U.S. Manufacturing Technology Orders for January totaled $396 million, marking the second-strongest January in the history of the USMTO program. Orders declined 10.5 percent from December, but at half the average decline in January over December levels since 1998. January 2019 orders grew 5 percent over January 2018 – an indicator of continued expansion in the market into 2019 after an annual expansion of 19 percent in 2018.
“January was one of the top two starts to a year in over 22 years of USMTO reporting, signaling that the current expansion is not over,” said Douglas K. Woods, President of AMT – The Association For Manufacturing Technology. “However, the markets in Asia and Europe began contracting in the last third of 2018 which is likely to increase supply in the U.S. The silver lining is that global markets should rebound about the time the U.S. market is expected to begin a short-lived contraction.”

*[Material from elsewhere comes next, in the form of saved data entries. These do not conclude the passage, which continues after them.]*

text \<open>V_{p_1} (x) (V_{p_2} (x) ( ... (x) V_{p_N})), basis = bool lists of length N
  (True at position i means the factor u in the i-th tensor factor).\<close>
fun tens_act :: "(complex \<times> complex) list \<Rightarrow> gen \<Rightarrow> bool list \<Rightarrow> bool list \<Rightarrow> complex" where
  "tens_act [] g f e = 0"
| "tens_act [p] g f e = (case (f, e) of
      ([b1], [b2]) \<Rightarrow> Vact (fst p) (snd p) g b1 b2 | _ \<Rightarrow> 0)"
| "tens_act (p # q # qs) g f e = (case (f, e) of
      (b1 # f', b2 # e') \<Rightarrow>
         tens2 (\<lambda>b. b) (Vact (fst p) (snd p)) (tens_act (q # qs)) g (b1, f') (b2, e')
    | _ \<Rightarrow> 0)"

definition list_par :: "bool list \<Rightarrow> bool" where
  "list_par bs = odd (length (filter (\<lambda>b. b) bs))"

text \<open>Basis e_S = a_{s_1} ... a_{s_k} v for S = {s_1 < ... < s_k} subset of {1..N}.\<close>
definition wedge_m :: "nat \<Rightarrow> nat set \<Rightarrow> nat set \<Rightarrow> complex" where
  "wedge_m i F E = (if i \<notin> E \<and> F = insert i E then (-1) ^ card {s\<in>E. s < i} else 0)"

definition contr_m :: "nat \<Rightarrow> nat set \<Rightarrow> nat set \<Rightarrow> complex" where
  "contr_m i F E = (if i \<in> E \<and> F = E - {i} then (-1) ^ card {s\<in>E. s < i} else 0)"

definition UN_basis :: "nat \<Rightarrow> nat set set" where
  "UN_basis N = Pow {1..N}"

definition UN_par :: "nat set \<Rightarrow> bool" where
  "UN_par S = odd (card S)"

definition pull_act :: "nat \<Rightarrow> (nat \<Rightarrow> complex) \<Rightarrow> (nat \<Rightarrow> complex) \<Rightarrow> gen \<Rightarrow> nat set \<Rightarrow> nat set \<Rightarrow> complex" where
  "pull_act N z n g F E = (case g of
      GX \<Rightarrow> (\<Sum>i=1..N. coefX N z i * wedge_m i F E)
    | GY \<Rightarrow> (\<Sum>i=1..N. coefY N z i * contr_m i F E)
    | GG \<Rightarrow> (\<Sum>i=1..N. n i * idm F E + mm (UN_basis N) (wedge_m i) (contr_m i) F E)
    | GT \<Rightarrow> zprod N z * idm F E
    | GTi \<Rightarrow> inverse (zprod N z) * idm F E)"

definition module_iso :: "'b1 set \<Rightarrow> ('b1 \<Rightarrow> bool) \<Rightarrow> (gen \<Rightarrow> 'b1 \<Rightarrow> 'b1 \<Rightarrow> complex) \<Rightarrow>
    'b2 set \<Rightarrow> ('b2 \<Rightarrow> bool) \<Rightarrow> (gen \<Rightarrow> 'b2 \<Rightarrow> 'b2 \<Rightarrow> complex) \<Rightarrow> bool" where
  "module_iso C1 p1 M1 C2 p2 M2 \<longleftrightarrow>
     (\<exists>P Q. (\<forall>f\<in>C2. \<forall>e\<in>C1. P f e \<noteq> 0 \<longrightarrow> p2 f = p1 e) \<and>
       (\<forall>f\<in>C2. \<forall>e\<in>C2. mm C1 P Q f e = idm f e) \<and>
       (\<forall>f\<in>C1. \<forall>e\<in>C1. mm C2 Q P f e = idm f e) \<and>
       (\<forall>g. \<forall>f\<in>C2. \<forall>e\<in>C1. mm C1 P (M1 g) f e = mm C2 (M2 g) P f e))"

end

theory Submission
  imports Defs
begin

text \<open>For the homomorphism, Phi(X) and Phi(Y) are linear combinations of the anticommuting
  a_i and b_i, so they square to zero, and their anticommutator is the scalar
  \<Sum>_i coefX_i coefY_i, which telescopes to t^2 - t^{-2}. Each a_i b_i is the number
  operator of the i-th mode: it commutes with a_k, b_k for k \<noteq> i and has commutator
  a_i, -b_i with them for k = i, which gives the relations for G.

  For the module, identify the basis vector e_S of U_N with the tensor u_S that has u in
  the factors indexed by S. Splitting off the first index, U_{N+1} becomes
  V_{z_1,n_1} \<otimes> U_N for the shifted data: the ordering sign with which a_i and b_i
  (i > 1) act on e_S picks up exactly the Koszul sign of passing through the first factor,
  and the coefficients of Phi factor as z_1^{-1} times those for the shifted data. Induction
  on N then shows that in these bases the two modules have the same matrices.\<close>

section \<open>The homomorphism into the Clifford algebra\<close>

lemma cplx_alg_hom:
  assumes "cplx_alg e"
  shows cplx_alg_one: "e 1 = 1"
    and cplx_alg_add: "e (x + y) = e x + e y"
    and cplx_alg_mult: "e (x * y) = e x * e y"
    and cplx_alg_central: "e x * c = c * e x"
  using assms unfolding cplx_alg_def by blast+

lemma cplx_alg_zero:
  assumes "cplx_alg e" shows "e 0 = 0"
  using cplx_alg_add[OF assms, of 0 0] by simp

Like the general market for manufacturing technology, most industrial sectors posted double-digit dips in January relative to December 2018. Softer markets in the aerospace, industrial machinery and automotive sectors, which were down by one-third or more, led the downward trend. On the plus side, there were several significant exceptions to the general market’s weakness in January. Dramatic order growth in the rail, ship and other transportation sector, as well as an increase that was multiples of December order levels in the household and major appliance industry, helped to keep January levels from sliding further.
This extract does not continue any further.